=== Your assignment ===
Set down the records again, keeping each line exactly as it is.

─── Dataset extract ───

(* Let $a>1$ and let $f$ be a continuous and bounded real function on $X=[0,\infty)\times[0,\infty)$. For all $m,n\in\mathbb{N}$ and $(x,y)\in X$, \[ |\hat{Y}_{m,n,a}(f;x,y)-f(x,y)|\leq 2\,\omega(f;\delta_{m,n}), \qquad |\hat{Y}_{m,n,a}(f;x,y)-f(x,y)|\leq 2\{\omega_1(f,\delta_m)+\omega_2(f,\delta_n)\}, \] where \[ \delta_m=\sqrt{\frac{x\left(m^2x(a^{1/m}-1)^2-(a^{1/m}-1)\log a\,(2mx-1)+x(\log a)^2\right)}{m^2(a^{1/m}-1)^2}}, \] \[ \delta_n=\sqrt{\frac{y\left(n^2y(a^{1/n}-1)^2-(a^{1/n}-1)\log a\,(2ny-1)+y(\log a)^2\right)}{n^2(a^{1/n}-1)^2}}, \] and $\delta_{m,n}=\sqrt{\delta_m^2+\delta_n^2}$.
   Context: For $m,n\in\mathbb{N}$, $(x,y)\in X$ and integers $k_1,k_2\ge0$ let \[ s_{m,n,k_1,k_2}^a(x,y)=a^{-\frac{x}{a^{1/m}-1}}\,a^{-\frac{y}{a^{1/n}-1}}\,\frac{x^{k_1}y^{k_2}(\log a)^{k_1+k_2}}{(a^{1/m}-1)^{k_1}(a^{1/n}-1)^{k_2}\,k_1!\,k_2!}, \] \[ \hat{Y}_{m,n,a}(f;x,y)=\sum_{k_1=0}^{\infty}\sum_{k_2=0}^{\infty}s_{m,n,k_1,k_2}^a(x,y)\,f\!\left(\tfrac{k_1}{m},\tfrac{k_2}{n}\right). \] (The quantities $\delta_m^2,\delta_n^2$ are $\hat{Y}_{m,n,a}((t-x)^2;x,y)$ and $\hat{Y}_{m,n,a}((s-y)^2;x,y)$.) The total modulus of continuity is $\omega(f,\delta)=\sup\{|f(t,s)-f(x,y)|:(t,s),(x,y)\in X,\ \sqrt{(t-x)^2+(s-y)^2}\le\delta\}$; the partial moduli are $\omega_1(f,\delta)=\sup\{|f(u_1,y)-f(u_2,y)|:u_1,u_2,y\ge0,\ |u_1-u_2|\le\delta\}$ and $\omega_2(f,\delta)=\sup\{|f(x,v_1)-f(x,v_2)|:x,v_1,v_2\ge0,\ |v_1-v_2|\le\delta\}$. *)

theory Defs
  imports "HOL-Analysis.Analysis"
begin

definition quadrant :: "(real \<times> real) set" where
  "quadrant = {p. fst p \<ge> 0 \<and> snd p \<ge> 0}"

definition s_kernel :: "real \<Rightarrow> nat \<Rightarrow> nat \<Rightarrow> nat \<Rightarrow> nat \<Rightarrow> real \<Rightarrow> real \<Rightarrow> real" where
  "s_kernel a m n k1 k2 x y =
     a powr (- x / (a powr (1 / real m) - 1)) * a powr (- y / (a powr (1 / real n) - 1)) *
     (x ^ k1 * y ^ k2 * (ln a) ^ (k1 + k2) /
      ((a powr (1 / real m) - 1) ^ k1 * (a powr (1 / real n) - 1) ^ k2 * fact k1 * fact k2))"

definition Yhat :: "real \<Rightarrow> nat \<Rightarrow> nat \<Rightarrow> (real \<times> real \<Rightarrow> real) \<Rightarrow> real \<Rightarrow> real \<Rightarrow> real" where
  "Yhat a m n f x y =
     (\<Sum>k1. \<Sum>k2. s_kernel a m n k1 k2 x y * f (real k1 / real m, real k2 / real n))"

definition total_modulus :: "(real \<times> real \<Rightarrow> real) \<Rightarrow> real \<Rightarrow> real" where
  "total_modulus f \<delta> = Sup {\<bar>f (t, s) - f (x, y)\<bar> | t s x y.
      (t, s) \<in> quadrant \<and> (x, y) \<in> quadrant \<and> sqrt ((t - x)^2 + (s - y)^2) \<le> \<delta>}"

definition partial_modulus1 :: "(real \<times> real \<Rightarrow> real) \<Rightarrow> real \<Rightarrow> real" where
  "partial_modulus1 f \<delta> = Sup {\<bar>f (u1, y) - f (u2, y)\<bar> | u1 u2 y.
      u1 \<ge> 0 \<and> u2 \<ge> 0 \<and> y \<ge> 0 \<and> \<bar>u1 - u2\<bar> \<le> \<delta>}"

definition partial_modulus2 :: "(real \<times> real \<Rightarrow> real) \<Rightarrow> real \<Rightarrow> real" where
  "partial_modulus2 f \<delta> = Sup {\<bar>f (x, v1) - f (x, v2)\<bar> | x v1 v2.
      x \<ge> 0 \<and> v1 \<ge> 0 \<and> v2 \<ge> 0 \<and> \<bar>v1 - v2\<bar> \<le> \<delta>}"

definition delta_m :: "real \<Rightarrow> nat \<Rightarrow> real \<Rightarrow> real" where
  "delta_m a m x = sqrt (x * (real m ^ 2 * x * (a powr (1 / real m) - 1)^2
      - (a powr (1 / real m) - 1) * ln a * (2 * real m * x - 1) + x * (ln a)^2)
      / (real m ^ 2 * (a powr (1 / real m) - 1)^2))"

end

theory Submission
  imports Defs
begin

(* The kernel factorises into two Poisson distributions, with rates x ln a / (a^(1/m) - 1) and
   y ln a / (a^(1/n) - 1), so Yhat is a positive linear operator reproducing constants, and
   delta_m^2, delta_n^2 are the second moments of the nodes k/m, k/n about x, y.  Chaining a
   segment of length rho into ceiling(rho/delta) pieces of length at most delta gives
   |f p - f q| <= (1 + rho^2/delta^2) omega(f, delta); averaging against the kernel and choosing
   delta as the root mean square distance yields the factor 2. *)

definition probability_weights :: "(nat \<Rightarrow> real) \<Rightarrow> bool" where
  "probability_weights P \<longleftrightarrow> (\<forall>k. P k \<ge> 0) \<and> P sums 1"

───

=== Task response ===
(* Let $a>1$ and let $f$ be a continuous and bounded real function on $X=[0,\infty)\times[0,\infty)$. For all $m,n\in\mathbb{N}$ and $(x,y)\in X$, \[ |\hat{Y}_{m,n,a}(f;x,y)-f(x,y)|\leq 2\,\omega(f;\delta_{m,n}), \qquad |\hat{Y}_{m,n,a}(f;x,y)-f(x,y)|\leq 2\{\omega_1(f,\delta_m)+\omega_2(f,\delta_n)\}, \] where \[ \delta_m=\sqrt{\frac{x\left(m^2x(a^{1/m}-1)^2-(a^{1/m}-1)\log a\,(2mx-1)+x(\log a)^2\right)}{m^2(a^{1/m}-1)^2}}, \] \[ \delta_n=\sqrt{\frac{y\left(n^2y(a^{1/n}-1)^2-(a^{1/n}-1)\log a\,(2ny-1)+y(\log a)^2\right)}{n^2(a^{1/n}-1)^2}}, \] and $\delta_{m,n}=\sqrt{\delta_m^2+\delta_n^2}$.
   Context: For $m,n\in\mathbb{N}$, $(x,y)\in X$ and integers $k_1,k_2\ge0$ let \[ s_{m,n,k_1,k_2}^a(x,y)=a^{-\frac{x}{a^{1/m}-1}}\,a^{-\frac{y}{a^{1/n}-1}}\,\frac{x^{k_1}y^{k_2}(\log a)^{k_1+k_2}}{(a^{1/m}-1)^{k_1}(a^{1/n}-1)^{k_2}\,k_1!\,k_2!}, \] \[ \hat{Y}_{m,n,a}(f;x,y)=\sum_{k_1=0}^{\infty}\sum_{k_2=0}^{\infty}s_{m,n,k_1,k_2}^a(x,y)\,f\!\left(\tfrac{k_1}{m},\tfrac{k_2}{n}\right). \] (The quantities $\delta_m^2,\delta_n^2$ are $\hat{Y}_{m,n,a}((t-x)^2;x,y)$ and $\hat{Y}_{m,n,a}((s-y)^2;x,y)$.) The total modulus of continuity is $\omega(f,\delta)=\sup\{|f(t,s)-f(x,y)|:(t,s),(x,y)\in X,\ \sqrt{(t-x)^2+(s-y)^2}\le\delta\}$; the partial moduli are $\omega_1(f,\delta)=\sup\{|f(u_1,y)-f(u_2,y)|:u_1,u_2,y\ge0,\ |u_1-u_2|\le\delta\}$ and $\omega_2(f,\delta)=\sup\{|f(x,v_1)-f(x,v_2)|:x,v_1,v_2\ge0,\ |v_1-v_2|\le\delta\}$. *)

theory Defs
  imports "HOL-Analysis.Analysis"
begin

definition quadrant :: "(real \<times> real) set" where
  "quadrant = {p. fst p \<ge> 0 \<and> snd p \<ge> 0}"

definition s_kernel :: "real \<Rightarrow> nat \<Rightarrow> nat \<Rightarrow> nat \<Rightarrow> nat \<Rightarrow> real \<Rightarrow> real \<Rightarrow> real" where
  "s_kernel a m n k1 k2 x y =
     a powr (- x / (a powr (1 / real m) - 1)) * a powr (- y / (a powr (1 / real n) - 1)) *
     (x ^ k1 * y ^ k2 * (ln a) ^ (k1 + k2) /
      ((a powr (1 / real m) - 1) ^ k1 * (a powr (1 / real n) - 1) ^ k2 * fact k1 * fact k2))"

definition Yhat :: "real \<Rightarrow> nat \<Rightarrow> nat \<Rightarrow> (real \<times> real \<Rightarrow> real) \<Rightarrow> real \<Rightarrow> real \<Rightarrow> real" where
  "Yhat a m n f x y =
     (\<Sum>k1. \<Sum>k2. s_kernel a m n k1 k2 x y * f (real k1 / real m, real k2 / real n))"

definition total_modulus :: "(real \<times> real \<Rightarrow> real) \<Rightarrow> real \<Rightarrow> real" where
  "total_modulus f \<delta> = Sup {\<bar>f (t, s) - f (x, y)\<bar> | t s x y.
      (t, s) \<in> quadrant \<and> (x, y) \<in> quadrant \<and> sqrt ((t - x)^2 + (s - y)^2) \<le> \<delta>}"

definition partial_modulus1 :: "(real \<times> real \<Rightarrow> real) \<Rightarrow> real \<Rightarrow> real" where
  "partial_modulus1 f \<delta> = Sup {\<bar>f (u1, y) - f (u2, y)\<bar> | u1 u2 y.
      u1 \<ge> 0 \<and> u2 \<ge> 0 \<and> y \<ge> 0 \<and> \<bar>u1 - u2\<bar> \<le> \<delta>}"

definition partial_modulus2 :: "(real \<times> real \<Rightarrow> real) \<Rightarrow> real \<Rightarrow> real" where
  "partial_modulus2 f \<delta> = Sup {\<bar>f (x, v1) - f (x, v2)\<bar> | x v1 v2.
      x \<ge> 0 \<and> v1 \<ge> 0 \<and> v2 \<ge> 0 \<and> \<bar>v1 - v2\<bar> \<le> \<delta>}"

definition delta_m :: "real \<Rightarrow> nat \<Rightarrow> real \<Rightarrow> real" where
  "delta_m a m x = sqrt (x * (real m ^ 2 * x * (a powr (1 / real m) - 1)^2
      - (a powr (1 / real m) - 1) * ln a * (2 * real m * x - 1) + x * (ln a)^2)
      / (real m ^ 2 * (a powr (1 / real m) - 1)^2))"

end

theory Submission
  imports Defs
begin

(* The kernel factorises into two Poisson distributions, with rates x ln a / (a^(1/m) - 1) and
   y ln a / (a^(1/n) - 1), so Yhat is a positive linear operator reproducing constants, and
   delta_m^2, delta_n^2 are the second moments of the nodes k/m, k/n about x, y.  Chaining a
   segment of length rho into ceiling(rho/delta) pieces of length at most delta gives
   |f p - f q| <= (1 + rho^2/delta^2) omega(f, delta); averaging against the kernel and choosing
   delta as the root mean square distance yields the factor 2. *)

definition probability_weights :: "(nat \<Rightarrow> real) \<Rightarrow> bool" where
  "probability_weights P \<longleftrightarrow> (\<forall>k. P k \<ge> 0) \<and> P sums 1"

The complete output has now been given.